TO DO.
A single number is needed: how many lines of the data hold the word "fixes".

EXERCISE MATERIAL.
★ ★ ★ ★ ★ ★ ★

(* Let $S=K[t_1,\ldots,t_s]$ over a field $K$ with $s\geq2$, let $d_1\leq\cdots\leq d_s$ be positive integers with $d_1\geq2$, and let $L$ be the ideal generated by all $t_it_j^{d_j}$ with $1\leq i<j\leq s$. Let $t^a=t_r^{a_r}\cdots t_s^{a_s}$ be a monomial not in $L$ (a standard monomial of $S/L$ with respect to any monomial order), where $1\leq r\leq s$, $a_r\geq1$ and $a_i=0$ for $i<r$. Then $0\leq a_i\leq d_i-1$ for $i>r$ and $$\deg(S/(L,t^a))=\begin{cases}\deg(S/L)-\sum_{i=2}^{s}(d_i-a_i)\cdots(d_s-a_s)-1 & \text{if } r=s,\ a_s\leq d_s,\\ \deg(S/L)-1 & \text{if } r=s,\ a_s\geq d_s+1,\\ \deg(S/L)-\sum_{i=2}^{r+1}(d_i-a_i)\cdots(d_s-a_s) & \text{if } r<s,\ a_r\leq d_r,\\ \deg(S/L)-(d_{r+1}-a_{r+1})\cdots(d_s-a_s) & \text{if } r<s,\ a_r\geq d_r+1.\end{cases}$$
   Context: For a graded ideal $J$ with Hilbert function $H_J(d)=\dim_K(S_d/J_d)$ and $k=\dim(S/J)$, $\deg(S/J)=(k-1)!\lim_{d\to\infty}H_J(d)/d^{k-1}$ if $k\geq1$ and $\dim_K(S/J)$ if $k=0$. In the formulas $a_i=0$ for $i<r$. *)

theory Defs
  imports Complex_Main
begin

text \<open>Monomials of S = K[t_1,...,t_s] are represented by exponent vectors
  m :: nat => nat with support in {1..s}. A monomial ideal is given by a set G of
  monomial generators. Since the quotient S/J of a monomial ideal J has the
  standard monomials (monomials not in J) as a K-basis, its Hilbert function
  H_J(d) = dim_K (S_d/J_d) is the number of standard monomials of degree d.\<close>

definition smonos :: "nat \<Rightarrow> (nat \<Rightarrow> nat) set" where
  "smonos s = {m. \<forall>i. (i < 1 \<or> s < i) \<longrightarrow> m i = 0}"

definition mdvd :: "(nat \<Rightarrow> nat) \<Rightarrow> (nat \<Rightarrow> nat) \<Rightarrow> bool" where
  "mdvd g m \<longleftrightarrow> (\<forall>i. g i \<le> m i)"

definition in_mideal :: "(nat \<Rightarrow> nat) set \<Rightarrow> (nat \<Rightarrow> nat) \<Rightarrow> bool" where
  "in_mideal G m \<longleftrightarrow> (\<exists>g\<in>G. mdvd g m)"

definition mtdeg :: "nat \<Rightarrow> (nat \<Rightarrow> nat) \<Rightarrow> nat" where
  "mtdeg s m = (\<Sum>i=1..s. m i)"

definition hilb :: "nat \<Rightarrow> (nat \<Rightarrow> nat) set \<Rightarrow> nat \<Rightarrow> real" where
  "hilb s G d = real (card {m \<in> smonos s. mtdeg s m = d \<and> \<not> in_mideal G m})"

text \<open>Krull dimension of S/J, read off from the Hilbert function: k = 0 iff H is
  eventually 0, otherwise k-1 is the degree of the Hilbert polynomial. Equivalently,
  k is the least k with H(d)/d^k -> 0.\<close>
definition kdim :: "nat \<Rightarrow> (nat \<Rightarrow> nat) set \<Rightarrow> nat" where
  "kdim s G = (LEAST k. (\<lambda>d. hilb s G d / real d ^ k) \<longlonglongrightarrow> 0)"
(* Let $F$ be a monotonic neighborhood frame. There exists a neighborhood frame $G$ with $\mathrm{Th}_{L_=}(G)=\mathrm{Th}_{L_=}(F)$ such that there is a surjective bounded morphism $f:G\to\mathrm{ue}\,F$. Moreover, if $\mathcal K_0$ is either the class of monotonic neighborhood frames or the class of quasi-filter neighborhood frames, and $F\in\mathcal K_0$, then $G$ can be taken in $\mathcal K_0$.
   Context: A neighborhood frame is a pair $F=(F,N^F)$ with $N^F: F\to\mathscr P(\mathscr P(F))$. It is monotonic if each $N^F(w)$ is closed under supersets; quasi-filter if it is monotonic and each $N^F(w)$ is closed under intersections of nonempty finite families. $L_=$ is the least set of formulas containing equality atoms and closed under Boolean combinations, existential quantification, and formation of $x\,\Box_y\,\phi$ ($y$ bound). Satisfaction: as in first-order logic, with $F\models w\,\Box_y\,\phi(y)$ iff $\{v\in F: F\models\phi(v)\}\in N^F(w)$. $\mathrm{Th}_{L_=}(F)$ is the set of $L_=$-sentences true in $F$. A map $f:F\to F'$ is a bounded morphism if for all $w\in F$, $U'\subseteq F'$: $f^{-1}(U')\in N^F(w)\iff U'\in N^{F'}(f(w))$. For a monotonic frame $F$, $F^+=(\mathscr P(F),\Box^F)$ with $\Box^F(X)=\{w: X\in N^F(w)\}$. For a Boolean algebra with monotone operator $(A,\Box)$, $\mathrm{Uf}(A)$ is its set of ultrafilters, $[a]=\{u: a\in u\}$, and closed sets are intersections of sets $[a]$. The ultrafilter frame $\mathrm{Uf}(A)$ has $U\in N^\sigma(u)$ iff there is a closed $K\subseteq U$ such that $[a]\supseteq K$ implies $\Box(a)\in u$ for all $a\in A$. The ultrafilter extension is $\mathrm{ue}\,F=\mathrm{Uf}(F^+)$. *)

theory Defs
  imports Main
begin

type_synonym 'a nframe = "'a set \<times> ('a \<Rightarrow> 'a set set)"

definition pts :: "'a nframe \<Rightarrow> 'a set" where "pts F = fst F"
definition nb :: "'a nframe \<Rightarrow> 'a \<Rightarrow> 'a set set" where "nb F = snd F"

definition nframe :: "'a nframe \<Rightarrow> bool" where
  "nframe F \<longleftrightarrow> (\<forall>w\<in>pts F. nb F w \<subseteq> Pow (pts F))"

definition monotonic :: "'a nframe \<Rightarrow> bool" where
  "monotonic F \<longleftrightarrow> nframe F \<and>
     (\<forall>w\<in>pts F. \<forall>X Y. X \<in> nb F w \<and> X \<subseteq> Y \<and> Y \<subseteq> pts F \<longrightarrow> Y \<in> nb F w)"

definition quasi_filter :: "'a nframe \<Rightarrow> bool" where
  "quasi_filter F \<longleftrightarrow> monotonic F \<and>
     (\<forall>w\<in>pts F. \<forall>S. finite S \<and> S \<noteq> {} \<and> S \<subseteq> nb F w \<longrightarrow> \<Inter>S \<in> nb F w)"

datatype form =
    Eq nat nat
  | Neg form
  | Conj form form
  | Ex nat form
  | Box nat nat form   \<comment> \<open>Box x y phi is x box_y phi, with y bound\<close>

fun fv :: "form \<Rightarrow> nat set" where
  "fv (Eq x y) = {x, y}"
| "fv (Neg p) = fv p"
| "fv (Conj p q) = fv p \<union> fv q"
| "fv (Ex x p) = fv p - {x}"
| "fv (Box x y p) = insert x (fv p - {y})"
definition KC :: "(nat \<Rightarrow> nat \<Rightarrow> nat \<Rightarrow> real \<Rightarrow> real) \<Rightarrow> (real \<times> real) set \<Rightarrow> vfield set" where
  "KC \<Gamma> U = {X. smooth_on U (X 1) \<and> smooth_on U (X 2) \<and>
     (\<forall>p\<in>U. \<forall>i\<in>{1, 2}. \<forall>j\<in>{1, 2}. \<forall>k\<in>{1, 2}.
        pd i (pd j (X k)) p
        + (\<Sum>l\<in>{1, 2}. X l p * pd l (Gc \<Gamma> i j k) p
                        - Gc \<Gamma> i j l p * pd l (X k) p
                        + Gc \<Gamma> i l k p * pd j (X l) p
                        + Gc \<Gamma> l j k p * pd i (X l) p) = 0)}"

definition KR :: "(nat \<Rightarrow> nat \<Rightarrow> nat \<Rightarrow> real \<Rightarrow> real) \<Rightarrow> (real \<times> real) set \<Rightarrow> vfield set" where
  "KR \<Gamma> U = {X \<in> KC \<Gamma> U. \<forall>k\<in>{1, 2}. \<forall>p\<in>U. X k p \<in> \<real>}"

definition Kalpha :: "(nat \<Rightarrow> nat \<Rightarrow> nat \<Rightarrow> real \<Rightarrow> real) \<Rightarrow> (real \<times> real) set \<Rightarrow> complex \<Rightarrow> vfield set" where
  "Kalpha \<Gamma> U \<alpha> = {X \<in> KC \<Gamma> U. \<exists>v :: real \<Rightarrow> complex.
      \<forall>p\<in>U. X 1 p = 0 \<and> X 2 p = exp (\<alpha> * complex_of_real (snd p)) * v (fst p)}"

definition vf :: "cfun \<Rightarrow> cfun \<Rightarrow> vfield" where
  "vf u w = (\<lambda>k. if k = 1 then u else w)"

definition star :: "(nat \<Rightarrow> nat \<Rightarrow> nat \<Rightarrow> real \<Rightarrow> real) \<Rightarrow> (real \<times> real) set \<Rightarrow> complex \<Rightarrow> bool" where
  "star \<Gamma> U \<alpha> \<longleftrightarrow> (\<forall>p\<in>U.
      \<Gamma> 1 1 1 (fst p) = 0 \<and> \<Gamma> 1 1 2 (fst p) = 0 \<and> \<Gamma> 1 2 1 (fst p) = 0 \<and>
      \<Gamma> 2 1 1 (fst p) = 0 \<and> \<Gamma> 2 2 1 (fst p) = 0 \<and>
      complex_of_real (\<Gamma> 2 2 2 (fst p)) = - \<alpha>)"

end

theory Submission
  imports Defs "HOL-Complex_Analysis.Complex_Analysis"
begin
lemma mult_monic_in_monic_polys_iff:
  fixes g h :: "'a::idom poly"
  assumes "lead_coeff g = 1" "degree g \<le> n"
  shows "g * h \<in> monic_polys n \<longleftrightarrow> h \<in> monic_polys (n - degree g)"
proof (cases "h = 0")
  case True
  then show ?thesis
    by (simp add: monic_polys_def)
next
  case False
  moreover from assms have "g \<noteq> 0"
    by auto
  ultimately have "degree (g * h) = degree g + degree h"
    by (simp add: degree_mult_eq)
  moreover have "lead_coeff (g * h) = lead_coeff h"
    using lead_coeff_mult[of g h] assms(1) by simp
  ultimately show ?thesis
    using assms unfolding monic_polys_def mem_Collect_eq by auto
qed

lemma card_monic_multiples:
  fixes g :: "'a::{finite,idom} poly"
  assumes g: "lead_coeff g = 1" "degree g \<le> n"
  shows "card {f \<in> monic_polys n. g dvd f} = card (UNIV :: 'a set) ^ (n - degree g)"
proof -
  have "{f \<in> monic_polys n. g dvd f} = (\<lambda>h. g * h) ` monic_polys (n - degree g)"
    using mult_monic_in_monic_polys_iff[OF g] by (auto simp: dvd_def)
  moreover have "inj_on (\<lambda>h. g * h) (monic_polys (n - degree g))"
    using g by (auto simp: inj_on_def)
  ultimately show ?thesis
    by (simp add: card_image card_monic_polys)
qed

(* In a factorial semiring this is multiplicity p x; polynomials over an arbitrary field are
   not an instance of that class, so multiplicity is not available for them. *)
definition power_dvd_count :: "'a::comm_semiring_1 \<Rightarrow> 'a \<Rightarrow> nat" where
  "power_dvd_count p x = card {j. 0 < j \<and> p ^ j dvd x}"

lemma power_dvd_count_one:
  assumes "\<not> is_unit p"
  shows "power_dvd_count p 1 = 0"
proof -
  have "\<not> p ^ j dvd 1" if "0 < j" for j
    using assms that dvd_power[of j p] dvd_trans by blast
  then have "{j. 0 < j \<and> p ^ j dvd 1} = {}"
    by blast
  then show ?thesis
    by (simp only: power_dvd_count_def card.empty)
qed

lemma power_dvd_count_mult_other:
  fixes p q x :: "'a::algebraic_semidom"
  assumes "prime_elem q" "\<not> q dvd p"
  shows "power_dvd_count q (p * x) = power_dvd_count q x"
proof -
  have "q ^ j dvd p * x \<longleftrightarrow> q ^ j dvd x" if "0 < j" for j
    using assms that prime_power_dvd_multD dvd_mult by blast
  then show ?thesis
    unfolding power_dvd_count_def by (metis (lifting))
qed

lemma power_dvd_imp_degree_le:
  fixes p f :: "'a::idom poly"
  assumes "p ^ j dvd f" "f \<noteq> 0"
  shows "j * degree p \<le> degree f"
  using dvd_imp_degree_le[OF assms] by (cases "p = 0") (simp_all add: degree_power_eq)

lemma power_dvd_count_mult_self:
  fixes p x :: "'a::idom poly"
  assumes "degree p > 0" "x \<noteq> 0"
  shows "power_dvd_count p (p * x) = Suc (power_dvd_count p x)"
proof -
  define E where "E = {j. 0 < j \<and> p ^ j dvd x}"
  have "E \<subseteq> {..degree x}"
  proof
    fix j assume "j \<in> E"
    have "j \<le> j * degree p"
      using assms(1) by simp
    also have "\<dots> \<le> degree x"
      using \<open>j \<in> E\<close> assms(2) by (simp add: E_def power_dvd_imp_degree_le)
    finally show "j \<in> {..degree x}"
      by simp
  qed
  then have "finite E"
    by (rule finite_subset) simp
  have "p \<noteq> 0"
    using assms by auto
  then have "{j. 0 < j \<and> p ^ j dvd p * x} = insert 1 (Suc ` E)"
    by (auto simp: E_def image_iff gr0_conv_Suc)
  moreover have "1 \<notin> Suc ` E"
    by (auto simp: E_def)
  ultimately show ?thesis
    using \<open>finite E\<close> by (simp add: power_dvd_count_def E_def[symmetric] card_image)
qed

lemma monic_irreducible_factor:
  fixes f :: "'a::field poly"
  assumes "degree f > 0"
  obtains p where "lead_coeff p = 1" "irreducible p" "p dvd f"
proof -
  have "\<exists>p. lead_coeff p = 1 \<and> irreducible p \<and> p dvd f"
    using assms
  proof (induction "degree f" arbitrary: f rule: less_induct)
    case less
    then have "f \<noteq> 0"
      by auto
    with less.prems have "\<not> is_unit f"
      by (simp add: is_unit_iff_degree)
    show ?case
    proof (cases "irreducible f")
      case True
      let ?c = "inverse (lead_coeff f)"
      have "is_unit [:?c:]"
        using \<open>f \<noteq> 0\<close> by (simp add: is_unit_const_poly_iff dvd_field_iff)
      then have "irreducible (smult ?c f)"
        using True irreducible_mult_unit_left[of "[:?c:]" f] by simp
      moreover have "lead_coeff (smult ?c f) = 1" "smult ?c f dvd f"
        using \<open>f \<noteq> 0\<close> by (simp_all add: smult_dvd_iff)
      ultimately show ?thesis
        by blast
    next
      case False
      with \<open>f \<noteq> 0\<close> \<open>\<not> is_unit f\<close>
      obtain a b where f: "f = a * b" "\<not> is_unit a" "\<not> is_unit b"
        by (auto simp: irreducible_def)
      with \<open>f \<noteq> 0\<close> have "degree a > 0" "degree b > 0"
        by (auto simp: is_unit_iff_degree)
      with f \<open>f \<noteq> 0\<close> have "degree a < degree f"
        by (simp add: degree_mult_eq)
      with less.hyps \<open>degree a > 0\<close> f(1) show ?thesis
        by (meson dvd_mult2)
    qed
  qed
  with that show ?thesis
    by blast
qed

lemma irreducible_imp_degree_pos:
  fixes p :: "'a::field poly"
  assumes "irreducible p"
  shows "degree p > 0"
  using assms irreducible_not_unit[OF assms] is_unit_iff_degree[of p] by (cases "p = 0") auto

lemma monic_irreducible_dvd_imp_eq:
  fixes p q :: "'a::field poly"
  assumes "lead_coeff p = 1" "irreducible p" "lead_coeff q = 1" "irreducible q" "q dvd p"
  shows "q = p"
proof -
  from \<open>q dvd p\<close> obtain r where p: "p = q * r" ..
  with assms have "is_unit r"
    by (auto dest: irreducibleD irreducible_not_unit)
  then obtain c where "r = [:c:]"
    by (auto simp: is_unit_poly_iff)
  moreover have "lead_coeff r = 1"
    using assms by (simp add: p lead_coeff_mult)
  ultimately show ?thesis
    using p by simp
qed

lemma power_dvd_count_mult_monic_irreducible:
  fixes p q g :: "'a::field poly"
  assumes "lead_coeff p = 1" "irreducible p" "lead_coeff q = 1" "irreducible q" "g \<noteq> 0"
  shows "power_dvd_count q (p * g) = power_dvd_count q g + of_bool (q = p)"
proof (cases "q = p")
  case True
  then show ?thesis
    using assms by (simp add: power_dvd_count_mult_self irreducible_imp_degree_pos)
next
  case False
  with assms have "\<not> q dvd p"
    using monic_irreducible_dvd_imp_eq by blast
  with False assms show ?thesis
    by (simp add: power_dvd_count_mult_other field_poly_irreducible_imp_prime)
qed
lemma openin_glue_Inl:
  assumes adm: "admissible A B f" and U: "openin A U"
  shows "openin (glue A B f) (Inl ` U)"
proof -
  have "f (topspace A - U) \<subseteq> topspace B"
    using admissible_closedin[OF adm] closedin_subset U by blast
  moreover have "Inl -` ((Inl ` topspace A \<union> Inr ` topspace B) - Inl ` U) = topspace A - U"
    "Inr -` ((Inl ` topspace A \<union> Inr ` topspace B) - Inl ` U) = topspace B" by auto
  ultimately show ?thesis
    using U openin_subset by (fastforce simp: openin_glue[OF adm] glue_closed_def)
qed

lemma continuous_map_glue_Inl:
  assumes adm: "admissible A B f"
  shows "continuous_map A (glue A B f) Inl"
  unfolding continuous_map_def
proof (intro conjI allI impI)
  show "Inl \<in> topspace A \<rightarrow> topspace (glue A B f)"
    using topspace_glue[OF adm] by auto
  fix U assume "openin (glue A B f) U"
  moreover have "{x \<in> topspace A. Inl x \<in> U} =
      topspace A - Inl -` ((Inl ` topspace A \<union> Inr ` topspace B) - U)" by auto
  ultimately show "openin A {x \<in> topspace A. Inl x \<in> U}"
    by (auto simp: openin_glue[OF adm] glue_closed_def)
qed
lemma norm_sum_subset_discriminants_le:
  fixes xs :: "complex list"
  shows "cmod (\<Sum>I\<in>{I. I \<subseteq> {0..<length xs} \<and> card I = card (set xs)}.
            \<Prod>(i,j)\<in>{(i,j). i\<in>I \<and> j\<in>I \<and> i<j}. (xs!i - xs!j)\<^sup>2)
    \<le> real (card (transversals xs)) * (\<Prod>(u,v)\<in>{(u,v). u\<in>set xs \<and> v\<in>set xs \<and> u\<noteq>v}. cmod (u - v))"
proof -
  define D where "D = (\<Prod>(u,v)\<in>{(u,v). u\<in>set xs \<and> v\<in>set xs \<and> u\<noteq>v}. cmod (u - v))"
  define II where "II = {I. I \<subseteq> {0..<length xs} \<and> card I = card (set xs)}"
  have fin: "finite II"
    unfolding II_def by (rule finite_subset[of _ "Pow {0..<length xs}"]) auto
  have summand: "cmod (\<Prod>(i,j)\<in>{(i,j). i\<in>I \<and> j\<in>I \<and> i<j}. (xs!i - xs!j)\<^sup>2)
      = (if I \<in> transversals xs then D else 0)" if I: "I \<in> II" for I
  proof -
    have "finite I"
      using I finite_subset[OF _ finite_atLeastLessThan] by (auto simp: II_def)
    then show ?thesis
      using I subset_discriminant_eq_0[of I xs] norm_subset_discriminant_transversal[of I xs]
      by (auto simp: II_def transversals_def D_def)
  qed
  have "cmod (\<Sum>I\<in>II. \<Prod>(i,j)\<in>{(i,j). i\<in>I \<and> j\<in>I \<and> i<j}. (xs!i - xs!j)\<^sup>2)
      \<le> (\<Sum>I\<in>II. cmod (\<Prod>(i,j)\<in>{(i,j). i\<in>I \<and> j\<in>I \<and> i<j}. (xs!i - xs!j)\<^sup>2))"
    by (rule norm_sum)
  also have "\<dots> = (\<Sum>I\<in>II. if I \<in> transversals xs then D else 0)"
    by (rule sum.cong) (simp_all add: summand)
  also have "\<dots> = (\<Sum>I\<in>{I\<in>II. I \<in> transversals xs}. D)"
    by (rule sum.inter_filter[OF fin, symmetric])
  also have "{I\<in>II. I \<in> transversals xs} = transversals xs"
    by (auto simp: II_def transversals_def)
  also have "(\<Sum>I\<in>transversals xs. D) = real (card (transversals xs)) * D"
    by simp
  finally show ?thesis
    unfolding II_def D_def .
qed
(* Let $(G,u,v,\alpha,\beta)$ be a Guvab with $\lim_{k\to\infty}W_k=0$. If there exists $N\ge0$ such that $\{W_k\}_{k\ge N}$ is a constant sequence, then $\{W_k\}_{k\ge1}$ is a constant sequence.
   Context: A Guvab is a tuple $(G,u,v,\alpha,\beta)$ where $G$ is a finite, connected, simple graph, $u,v\in V(G)$, and $\alpha,\beta\in[0,1]$ with $\alpha\le\beta$. A random walk on $G$ with starting vertex $w$ and laziness $\gamma$ is the Markov chain $R_0=w$ and, for $i\ge1$, $R_i=R_{i-1}$ with probability $\gamma$ and $R_i=t$ with probability $\frac{1-\gamma}{\deg(R_{i-1})}$ for each neighbor $t$ of $R_{i-1}$. $\mu_k$ is the distribution after $k$ steps of the walk from $u$ with laziness $\alpha$, $\nu_k$ that of the walk from $v$ with laziness $\beta$, and $W_k=W(\mu_k,\nu_k)$ is the Wasserstein ($L^1$ optimal transport) distance with respect to the graph distance. *)

theory Defs
  imports "HOL-Analysis.Analysis"
begin

definition edge_rel :: "('a \<Rightarrow> 'a \<Rightarrow> bool) \<Rightarrow> ('a \<times> 'a) set" where
  "edge_rel E = {(x, y). E x y}"

definition fin_conn_simple_graph :: "'a set \<Rightarrow> ('a \<Rightarrow> 'a \<Rightarrow> bool) \<Rightarrow> bool" where
  "fin_conn_simple_graph V E \<longleftrightarrow>
     finite V \<and> V \<noteq> {} \<and>
     (\<forall>x y. E x y \<longrightarrow> x \<in> V \<and> y \<in> V) \<and>
     (\<forall>x y. E x y \<longrightarrow> E y x) \<and>
     (\<forall>x. \<not> E x x) \<and>
     (\<forall>x\<in>V. \<forall>y\<in>V. (x, y) \<in> (edge_rel E)\<^sup>*)"

definition deg :: "'a set \<Rightarrow> ('a \<Rightarrow> 'a \<Rightarrow> bool) \<Rightarrow> 'a \<Rightarrow> nat" where
  "deg V E x = card {y \<in> V. E x y}"

definition gdist :: "('a \<Rightarrow> 'a \<Rightarrow> bool) \<Rightarrow> 'a \<Rightarrow> 'a \<Rightarrow> nat" where
  "gdist E x y = (LEAST n. (x, y) \<in> (edge_rel E) ^^ n)"

fun walk_dist :: "'a set \<Rightarrow> ('a \<Rightarrow> 'a \<Rightarrow> bool) \<Rightarrow> real \<Rightarrow> 'a \<Rightarrow> nat \<Rightarrow> 'a \<Rightarrow> real" where
  "walk_dist V E \<gamma> w 0 = (\<lambda>y. if y = w then 1 else 0)"
| "walk_dist V E \<gamma> w (Suc k) = (\<lambda>y.
      \<gamma> * walk_dist V E \<gamma> w k y
      + (\<Sum>x\<in>{x \<in> V. E x y}. walk_dist V E \<gamma> w k x * (1 - \<gamma>) / real (deg V E x)))"

definition couplings :: "'a set \<Rightarrow> ('a \<Rightarrow> real) \<Rightarrow> ('a \<Rightarrow> real) \<Rightarrow> ('a \<times> 'a \<Rightarrow> real) set" where
  "couplings V \<mu> \<nu> = {\<pi>. (\<forall>p. \<pi> p \<ge> 0) \<and> (\<forall>p. p \<notin> V \<times> V \<longrightarrow> \<pi> p = 0) \<and>
      (\<forall>x\<in>V. (\<Sum>y\<in>V. \<pi> (x, y)) = \<mu> x) \<and>
      (\<forall>y\<in>V. (\<Sum>x\<in>V. \<pi> (x, y)) = \<nu> y)}"

definition wasserstein :: "'a set \<Rightarrow> ('a \<Rightarrow> 'a \<Rightarrow> bool) \<Rightarrow> ('a \<Rightarrow> real) \<Rightarrow> ('a \<Rightarrow> real) \<Rightarrow> real" where
  "wasserstein V E \<mu> \<nu> =
     (INF \<pi>\<in>couplings V \<mu> \<nu>. \<Sum>p\<in>V \<times> V. \<pi> p * real (gdist E (fst p) (snd p)))"

definition W_seq :: "'a set \<Rightarrow> ('a \<Rightarrow> 'a \<Rightarrow> bool) \<Rightarrow> 'a \<Rightarrow> 'a \<Rightarrow> real \<Rightarrow> real \<Rightarrow> nat \<Rightarrow> real" where
  "W_seq V E u v \<alpha> \<beta> k = wasserstein V E (walk_dist V E \<alpha> u k) (walk_dist V E \<beta> v k)"

end

theory Submission
  imports Defs "HOL-Library.Function_Algebras"
begin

★ ★ ★ ★ ★ ★ ★

WRITTEN SOLUTION.
10